For Merson many things have changed since he returned to an emotional ovation against Milan 15 months ago, among them his attitude to playing. "I've played every game this season, which is a feat. I've never done that in the 10 years I've been with the club. The consistency's there. It's not like one good game and six absolute nightmares."

Those nightmares were the reason he was regularly dropped by George Graham, Bruce Rioch's predecessor as Arsenal manager. Merson retains a lasting gratitude to Graham, and especially his support when the drugs, booze and gambling story hit the front pages, but there is little doubt that in playing terms Rioch's more sympathetic style of management has reaped a reward.

"The boss gives me confidence, saying: 'Get the ball, get the ball, get the ball'. And you think: 'I'm important here.' I'm not a person who needs kicking up the backside all the time."

Now 28, he would like the relationship with Arsenal to continue beyond his existing contract, which expires in two years' time, preferably for the rest of his career. But wherever he plays, Paul Merson's attitude will be the same.

"It's like a second chance. I've been given a second chance to enjoy it, and show everything you've got. Nowadays if it doesn't come off I'll go and look for the ball.

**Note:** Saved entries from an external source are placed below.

text \<open>The nonnegativity hypothesis, needed for the improper integral, is available inductively
  because \<open>exp_comb_cdf I c\<close> is a distribution function.\<close>
lemma has_integral_exp_comb_cdf_insert:
  assumes I: "finite I" "k \<notin> I" and inj: "inj_on c (insert k I)"
    and nz: "\<And>i. i \<in> insert k I \<Longrightarrow> c i \<noteq> 0" and nonneg: "\<And>s. 0 \<le> exp_comb_cdf I c s"
  shows "((\<lambda>y. exp (- y) * exp_comb_cdf I c (t - y / c k)) has_integral exp_comb_cdf (insert k I) c t) {0..}"
proof -
  let ?F = "exp_comb_cdf (insert k I) c"
  \<comment> \<open>an antiderivative of the integrand, by \<open>exp_comb_cdf_insert_has_derivative\<close>\<close>
  define \<Phi> where "\<Phi> y = - exp (- y) * ?F (t - y / c k)" for y
  have "continuous_on UNIV ?F"
    using I inj nz by (intro continuous_on_exp_comb_cdf) auto
  then have "continuous_on {0..} (\<lambda>y. ?F (t - y / c k))"
    by (rule continuous_on_compose2) (use nz in \<open>auto intro!: continuous_intros\<close>)
  then have "continuous_on {0..} \<Phi>"
    unfolding \<Phi>_def by (intro continuous_on_mult) (auto intro!: continuous_intros)
  moreover have "(\<Phi> has_real_derivative exp (- y) * exp_comb_cdf I c (t - y / c k)) (at y)"
    if "y \<notin> {c k * t}" for y
  proof -
    let ?s = "t - y / c k"
    have "?s \<noteq> 0" using that nz by (auto simp: field_simps)
    have "((\<lambda>y. t - y / c k) has_real_derivative - 1 / c k) (at y)"
      using nz by (auto intro!: derivative_eq_intros)
    from DERIV_chain2[OF exp_comb_cdf_insert_has_derivative[OF I inj \<open>?s \<noteq> 0\<close>] this]
    have "((\<lambda>y. ?F (t - y / c k)) has_real_derivative
        c k * (exp_comb_cdf I c ?s - ?F ?s) * (- 1 / c k)) (at y)" .
    moreover have "((\<lambda>y. - exp (- y)) has_real_derivative exp (- y)) (at y)"
      by (auto intro!: derivative_eq_intros)
    ultimately have "(\<Phi> has_real_derivative
        exp (- y) * ?F ?s + c k * (exp_comb_cdf I c ?s - ?F ?s) * (- 1 / c k) * - exp (- y)) (at y)"
      unfolding \<Phi>_def[abs_def] by (rule DERIV_mult[rotated])
    then show ?thesis using nz by (simp add: field_simps)
  qed
  moreover have "(\<Phi> \<longlongrightarrow> 0) at_top"
  proof (rule Lim_null_comparison)
    let ?B = "1 + (\<Sum>i\<in>insert k I. \<bar>lagrange_weight (insert k I) c i\<bar>)"
    have "norm (\<Phi> y) \<le> ?B * exp (- y)" for y
      using abs_exp_comb_cdf_le[of "insert k I" c "t - y / c k"] I
      by (simp add: \<Phi>_def abs_mult mult.commute)
    then show "\<forall>\<^sub>F y in at_top. norm (\<Phi> y) \<le> ?B * exp (- y)" by simp
    show "((\<lambda>y. ?B * exp (- y)) \<longlongrightarrow> 0) at_top"
      by (rule tendsto_mult_right_zero[OF filterlim_compose[OF exp_at_bot filterlim_uminus_at_bot_at_top]])
  qed
  ultimately have "((\<lambda>y. exp (- y) * exp_comb_cdf I c (t - y / c k)) has_integral 0 - \<Phi> 0) {0..}"
    by (intro has_integral_atLeast_antiderivative[where S = "{c k * t}"]) (auto simp: nonneg)
  then show ?thesis by (simp add: \<Phi>_def)
qed

section \<open>Weighted sums of independent exponential variables\<close>

definition std_exponential :: "real measure" where
  "std_exponential = density lborel (exponential_density 1)"

lemma sets_std_exponential [measurable_cong]: "sets std_exponential = sets borel"
  by (simp add: std_exponential_def)

lemma prob_space_std_exponential: "prob_space std_exponential"
  unfolding std_exponential_def by (rule prob_space_exponential_density) simp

Two or three years ago, if it's going wrong I could easily, sort of, drift out of the game, and not get involved.

"On Saturday, I had a couple of bad, bad touches against Blackburn, and then I chased and wanted the ball. Just to get a touch as quick as possible again, and get involved. A couple of years ago I'd have just drifted out to the wing, and if I got it I got it, but I wouldn't chase it. That's another thing I like about myself now, I will get involved and I won't hide. I do enjoy it. I should enjoy it."